◆ Source material:
++++++++++++++++++++

(* For every $\mathcal{V}$-poset $P$, \[\mathcal{P}(P;x,y)=L(P;x,y):=\sum_{A\in\mathcal{A}(P)}x^{b(A)}y^{s(A)}.\]
   Context: All posets are finite. A $\mathcal{V}$-poset is a poset generated from the empty poset by repeatedly applying: disjoint union of $\mathcal{V}$-posets, adding a new greatest element, adding a new least element. The polynomial $\mathcal{P}$ is defined on $\mathcal{V}$-posets by: $\mathcal{P}(\emptyset;x,y)=1$; $\mathcal{P}(\bullet;x,y)=x$ for the one-element poset; $\mathcal{P}(\bigcup_iP_i;x,y)=\prod_i\mathcal{P}(P_i;x,y)$ for a disjoint union; and $\mathcal{P}(P\cup\{g\};x,y)=\mathcal{P}(P\cup\{\ell\};x,y)=\mathcal{P}(P;x,y)+y^{|P|}$ where $g$ (resp. $\ell$) is a new greatest (resp. least) element. An element $x$ is basic if: (B.1) there are no two incomparable elements $u,v$ with $x>u$ and $x>v$; (B.2) there are no two incomparable elements $u,v$ with $x<u$ and $x<v$; (B.3) there is no element $u$ with $u<x$ such that for all $w\neq u,x$ one has ($u\ge w\iff x\ge w$) and ($u\le w\iff x\le w$). An element is associated to a set $B$ of basic elements if it is comparable to every element of $B$ and incomparable to every other basic element. A non-basic element $u$ is upper if $u>b$ for some basic $b$, and lower if $u<b$ for some basic $b$. For $a\in P$: if $a$ is basic, $P_a=\emptyset$; otherwise let $B$ be the set of basic elements to which $a$ is associated; if $a$ is lower, $P_a=\{b\in P: a<b,\ \text{there is no } c \text{ with } c<b \text{ and } c \text{ incomparable to } a\}$; if $a$ is upper, $P_a=\{b\in P: a>b,\ \text{there is no } c \text{ with } c>b \text{ and } c \text{ incomparable to } a\}\setminus\{\ell\in P: \ell \text{ is a lower element associated to } B\}$. $\mathcal{A}(P)$ is the set of maximal antichains of $P$ (antichain: pairwise incomparable elements; maximal: not properly contained in another antichain). For $A\in\mathcal{A}(P)$, $b(A)$ is the number of basic elements in $A$ and $s(A)=\sum_{a\in A}|P_a|$. *)

theory Defs
  imports Main
begin

text \<open>A construction term of a V-poset: the empty poset, a disjoint union
of two V-posets, adding a new greatest element, adding a new least element.
(Finite disjoint unions are iterated binary ones.)\<close>

datatype vterm = VEmpty | VUnion vterm vterm | VTop vterm | VBot vterm

text \<open>Concrete realisation: elements are lists of naturals (tags).\<close>

fun velems :: "vterm \<Rightarrow> nat list set" where
  "velems VEmpty = {}"
| "velems (VUnion s t) = Cons 0 ` velems s \<union> Cons 1 ` velems t"
| "velems (VTop t) = Cons 0 ` velems t \<union> {[1]}"
| "velems (VBot t) = Cons 0 ` velems t \<union> {[1]}"

fun vle :: "vterm \<Rightarrow> nat list \<Rightarrow> nat list \<Rightarrow> bool" where
  "vle VEmpty a b = False"
| "vle (VUnion s t) a b =
     ((\<exists>a' b'. a = 0 # a' \<and> b = 0 # b' \<and> vle s a' b') \<or>
      (\<exists>a' b'. a = 1 # a' \<and> b = 1 # b' \<and> vle t a' b'))"
| "vle (VTop t) a b =
     ((a \<in> velems (VTop t) \<and> b = [1]) \<or>
      (\<exists>a' b'. a = 0 # a' \<and> b = 0 # b' \<and> vle t a' b'))"
| "vle (VBot t) a b =
     ((a = [1] \<and> b \<in> velems (VBot t)) \<or>
      (\<exists>a' b'. a = 0 # a' \<and> b = 0 # b' \<and> vle t a' b'))"

text \<open>The polynomial \<open>\<P>\<close>, evaluated in an arbitrary commutative ring.
Adding a greatest/least element to the empty poset yields the one-element
poset, whose value is \<open>x\<close>.\<close>

fun vpoly :: "vterm \<Rightarrow> 'a::comm_ring_1 \<Rightarrow> 'a \<Rightarrow> 'a" where
  "vpoly VEmpty x y = 1"
| "vpoly (VUnion s t) x y = vpoly s x y * vpoly t x y"
| "vpoly (VTop t) x y =
     (if velems t = {} then x else vpoly t x y + y ^ card (velems t))"
| "vpoly (VBot t) x y =
     (if velems t = {} then x else vpoly t x y + y ^ card (velems t))"

definition plt :: "('b \<Rightarrow> 'b \<Rightarrow> bool) \<Rightarrow> 'b \<Rightarrow> 'b \<Rightarrow> bool" where
  "plt le u v \<longleftrightarrow> le u v \<and> u \<noteq> v"

definition pcomp :: "('b \<Rightarrow> 'b \<Rightarrow> bool) \<Rightarrow> 'b \<Rightarrow> 'b \<Rightarrow> bool" where
  "pcomp le u v \<longleftrightarrow> le u v \<or> le v u"

definition basic :: "'b set \<Rightarrow> ('b \<Rightarrow> 'b \<Rightarrow> bool) \<Rightarrow> 'b \<Rightarrow> bool" where
  "basic S le x \<longleftrightarrow> x \<in> S \<and>
     \<not> (\<exists>u\<in>S. \<exists>v\<in>S. \<not> pcomp le u v \<and> plt le u x \<and> plt le v x) \<and>
     \<not> (\<exists>u\<in>S. \<exists>v\<in>S. \<not> pcomp le u v \<and> plt le x u \<and> plt le x v) \<and>
     \<not> (\<exists>u\<in>S. plt le u x \<and>
          (\<forall>w\<in>S. w \<noteq> u \<and> w \<noteq> x \<longrightarrow>
             ((le w u \<longleftrightarrow> le w x) \<and> (le u w \<longleftrightarrow> le x w))))"

definition assoc_basic :: "'b set \<Rightarrow> ('b \<Rightarrow> 'b \<Rightarrow> bool) \<Rightarrow> 'b \<Rightarrow> 'b set" where
  "assoc_basic S le a = {b \<in> S. basic S le b \<and> pcomp le a b}"

definition upper :: "'b set \<Rightarrow> ('b \<Rightarrow> 'b \<Rightarrow> bool) \<Rightarrow> 'b \<Rightarrow> bool" where
  "upper S le u \<longleftrightarrow> u \<in> S \<and> \<not> basic S le u \<and> (\<exists>b\<in>S. basic S le b \<and> plt le b u)"

definition lower :: "'b set \<Rightarrow> ('b \<Rightarrow> 'b \<Rightarrow> bool) \<Rightarrow> 'b \<Rightarrow> bool" where
  "lower S le u \<longleftrightarrow> u \<in> S \<and> \<not> basic S le u \<and> (\<exists>b\<in>S. basic S le b \<and> plt le u b)"

definition Pset :: "'b set \<Rightarrow> ('b \<Rightarrow> 'b \<Rightarrow> bool) \<Rightarrow> 'b \<Rightarrow> 'b set" where
  "Pset S le a =
    (if basic S le a then {}
     else if lower S le a then
       {b \<in> S. plt le a b \<and> \<not> (\<exists>c\<in>S. plt le c b \<and> \<not> pcomp le c a)}
     else if upper S le a then
       {b \<in> S. plt le b a \<and> \<not> (\<exists>c\<in>S. plt le b c \<and> \<not> pcomp le c a)}
       - {l \<in> S. lower S le l \<and> assoc_basic S le l = assoc_basic S le a}
     else {})"

definition max_antichain :: "'b set \<Rightarrow> ('b \<Rightarrow> 'b \<Rightarrow> bool) \<Rightarrow> 'b set \<Rightarrow> bool" where
  "max_antichain S le A \<longleftrightarrow> A \<subseteq> S \<and>
     (\<forall>u\<in>A. \<forall>v\<in>A. u \<noteq> v \<longrightarrow> \<not> pcomp le u v) \<and>
     (\<forall>z\<in>S - A. \<exists>a\<in>A. pcomp le z a)"

definition Lpoly :: "'b set \<Rightarrow> ('b \<Rightarrow> 'b \<Rightarrow> bool) \<Rightarrow> 'a::comm_ring_1 \<Rightarrow> 'a \<Rightarrow> 'a" where
  "Lpoly S le x y =
    (\<Sum>A\<in>{A. max_antichain S le A}.
       x ^ card {a \<in> A. basic S le a} * y ^ (\<Sum>a\<in>A. card (Pset S le a)))"

end

theory Submission
  imports Defs
begin

text \<open>
  Every V-poset is built from the empty poset by disjoint unions and by adjoining a new greatest
  or least element, so it suffices to show that L obeys the recursion that defines P.
  The maximal antichains of a disjoint union are the unions of maximal antichains of the summands,
  and b and s are additive, so L is multiplicative. Adjoining an extreme element g to a nonempty
  poset with n elements adds the antichain {g} and keeps all others. For a chain,
  L = x + y + ... + y^(n-1) directly. Otherwise no old element changes its basic status.
  A new least element leaves every P_a unchanged, and P_g consists of all n old elements.
  A new greatest element enters P_a exactly for the u lower elements a comparable to everything;
  these lie only in the singleton antichains {a}, and P_g consists of the other n - u elements.
  As their P-sets have sizes n - u, ..., n - 1, the old antichains gain
  (y - 1) (y^(n-u) + ... + y^(n-1)) = y^n - y^(n-u), and {g} contributes y^(n-u).
  This size condition, and the fact that a lower element associated to all basic elements is
  comparable to everything, hold in all V-posets and are proved along the way.
\<close>

definition universal :: "'b set \<Rightarrow> ('b \<Rightarrow> 'b \<Rightarrow> bool) \<Rightarrow> 'b \<Rightarrow> bool" where
  "universal S le a \<longleftrightarrow> (\<forall>c\<in>S. pcomp le a c)"

definition basics :: "'b set \<Rightarrow> ('b \<Rightarrow> 'b \<Rightarrow> bool) \<Rightarrow> 'b set" where
  "basics S le = {b\<in>S. basic S le b}"

definition universal_lowers :: "'b set \<Rightarrow> ('b \<Rightarrow> 'b \<Rightarrow> bool) \<Rightarrow> 'b set" where
  "universal_lowers S le = {a\<in>S. lower S le a \<and> universal S le a}"

definition max_antichains :: "'b set \<Rightarrow> ('b \<Rightarrow> 'b \<Rightarrow> bool) \<Rightarrow> 'b set set" where
  "max_antichains S le = {A. max_antichain S le A}"

definition bnum :: "'b set \<Rightarrow> ('b \<Rightarrow> 'b \<Rightarrow> bool) \<Rightarrow> 'b set \<Rightarrow> nat" where
  "bnum S le A = card {a\<in>A. basic S le a}"

definition snum :: "'b set \<Rightarrow> ('b \<Rightarrow> 'b \<Rightarrow> bool) \<Rightarrow> 'b set \<Rightarrow> nat" where
  "snum S le A = (\<Sum>a\<in>A. card (Pset S le a))"

lemma pcomp_commute: "pcomp le a b \<longleftrightarrow> pcomp le b a"
  unfolding pcomp_def by blast

lemma lower_not_basic: "lower S le a \<Longrightarrow> \<not> basic S le a"
  unfolding lower_def by blast

lemma Lpoly_eq_sum_max_antichains:
  "Lpoly S le x y = (\<Sum>A\<in>max_antichains S le. x ^ bnum S le A * y ^ snum S le A)"
  unfolding Lpoly_def max_antichains_def bnum_def snum_def ..

lemma max_antichains_subset_Pow: "max_antichains S le \<subseteq> Pow S"
  unfolding max_antichains_def max_antichain_def by auto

++++++++++++++++++++

◆ Exercise brief:
Once you have located every line with the word "VUnion" in the material above, list those lines.

◆ Response to this task:
datatype vterm = VEmpty | VUnion vterm vterm | VTop vterm | VBot vterm
| "velems (VUnion s t) = Cons 0 ` velems s \<union> Cons 1 ` velems t"
| "vle (VUnion s t) a b =
| "vpoly (VUnion s t) x y = vpoly s x y * vpoly t x y"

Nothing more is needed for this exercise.